Defendant's allegations of sentencing error do not provide a basis for relief. The Clerk's minutes of the sentencing hearing (CR Doc. 15) indicate that Defendant addressed the Court before sentence was announced. Defendant thus was not denied allocution. Furthermore, as to both the first and third claims, the Court agrees with Defendant's assertions that it had no effective authority to order a sentence to be concurrent with a subsequently-imposed state court sentence. See United States v. Neely, 38 F.3d 458, 461 (9th Cir. 1994) ("[A] federal court does not acquire discretion to impose a concurrent sentence until the defendant has been sentenced by another court."); United States v. Ballard, 6 F.3d 1502, 1510 (11th Cir. 1993) ("[C]onsecutive sentence imposed by the federal court . . . preserves [sentencing] prerogative for both sovereigns, while a prospective concurrent sentence would not."). The Court will dismiss Defendant's sentencing-error claims.

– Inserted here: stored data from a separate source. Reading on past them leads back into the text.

lemma indispensable_kernel_below:
  assumes ind: "(u, v) \<in> indispensables m n A"
    and ker: "\<forall>i<m. matvec n A y i = 0" and below: "\<forall>j<n. y j \<le> int (u j)"
  shows "(\<forall>j<n. y j = 0) \<or> (\<forall>j<n. y j = int (u j) - int (v j))"
proof -
  define z where "z j = (if j < n then nat (int (u j) - y j) else 0)" for j
  have z_int: "int (z j) = int (u j) - y j" if "j < n" for j
    using below that by (simp add: z_def)
  have "z \<in> fiber m n A u"
    unfolding mem_fiber_iff
  proof
    show "z \<in> natvecs n" by (simp add: natvecs_def z_def)
    have "matvec n A (\<lambda>j. int (u j) - int (z j)) i = matvec n A y i" for i
      by (rule matvec_cong) (simp add: z_int)
    with ker show "\<forall>i<m. matvec n A (\<lambda>j. int (u j) - int (z j)) i = 0" by simp
  qed
  moreover have "fiber m n A u = {u, v}" using ind unfolding indispensables_def by simp
  ultimately have "z = u \<or> z = v" by simp
  then show ?thesis using z_int by auto
qed

lemma strongly_robust_kernel_below_circuit:
  assumes gale: "gale_transform m n A b" and sr: "strongly_robust m n A"
    and "i < n" and "c \<noteq> 0" and c_i: "gale_vec b c i = 0"
    and circ: "\<And>w. gale_vec b w i = 0 \<Longrightarrow> \<exists>s. w = (s * fst c, s * snd c)"
    and below: "\<forall>l<n. gale_vec b y l \<le> max (gale_vec b c l) 0"
  shows "y = 0 \<or> y = c"
proof -
  let ?x = "gale_vec b c"
  have ker: "\<forall>i<m. matvec n A (gale_vec b w) i = 0" for w
    using gale_vec_in_kernel[OF gale] by blast
  obtain k where "k < n" "?x k \<noteq> 0"
    using gale_vec_eq_0D[OF gale] \<open>c \<noteq> 0\<close> by blast
  have mult: "\<exists>s. \<forall>l<n. z l = s * ?x l" if ker_z: "\<forall>i<m. matvec n A z i = 0" and "z i = 0" for z
  proof -
    obtain w where w: "\<forall>l<n. z l = gale_vec b w l"
      using gale_coords_of_kernel_vec[OF gale ker_z] by blast
    with \<open>z i = 0\<close> \<open>i < n\<close> obtain s where "w = (s * fst c, s * snd c)"
      using circ by metis
    with w show ?thesis by (auto simp: gale_vec_def algebra_simps)
  qed
  have "(pos_part n ?x, neg_part n ?x) \<in> indispensables m n A"
    using pos_neg_part_in_graver[OF ker \<open>k < n\<close> \<open>?x k \<noteq> 0\<close> c_i mult] sr
    unfolding strongly_robust_def by simp
  moreover have "\<forall>l<n. gale_vec b y l \<le> int (pos_part n ?x l)"
    using below by (auto simp: pos_part_def max_def split: if_splits)
  ultimately have "(\<forall>l<n. gale_vec b y l = 0) \<or> (\<forall>l<n. gale_vec b y l = ?x l)"
    using indispensable_kernel_below[OF _ ker] pos_part_minus_neg_part by metis
  then show ?thesis
  proof
    assume "\<forall>l<n. gale_vec b y l = 0"
    then show ?thesis using gale_vec_eq_0D[OF gale] by blast
  next
    assume "\<forall>l<n. gale_vec b y l = ?x l"
    then have "\<forall>l<n. gale_vec b (y - c) l = 0" by (simp add: gale_vec_def algebra_simps)
    then have "y - c = 0" by (rule gale_vec_eq_0D[OF gale])
    then show ?thesis by simp
  qed
qed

Nor does Defendant's motion state a claim of ineffective assistance of counsel. "To establish ineffective assistance of counsel, a defendant must show both that his counsel's performance was constitutionally deficient, and that this deficient performance prejudiced him." United States v. Harfst, 168 F.3d 398, 402 (10th Cir. 1999). "The performance component need not be addressed first. 'If it is easier to dispose of an ineffectiveness claim on the ground of lack of sufficient prejudice, which we expect will often be so, that course should be followed.'" Smith v. Robbins, 528 U.S. 259, 286 n. 14 (2000) (quoting Strickland v. Washington, 466 U.S. 668, 697 (1984)). Here, "[a]s there was no error in the imposition of the sentence . . ., [Defendant] has made no showing of prejudice due to the alleged ineffective assistance of his counsel." United States v. Tackles, No. 02-8114, 2003 WL 1849350, at **2 (10th Cir. Apr. 10, 2003). Defendant is not entitled to relief, see § 2255 rule 4(b), and the Court will dismiss the § 2255 motion.
IT IS THEREFORE ORDERED that Defendant's motion to vacate, set aside, or correct sentence under 28 U.S.C. § 2255 (CV Doc. 1; CR Doc. 21) filed March 30, 2007, is DISMISSED with prejudice; and judgment will be entered.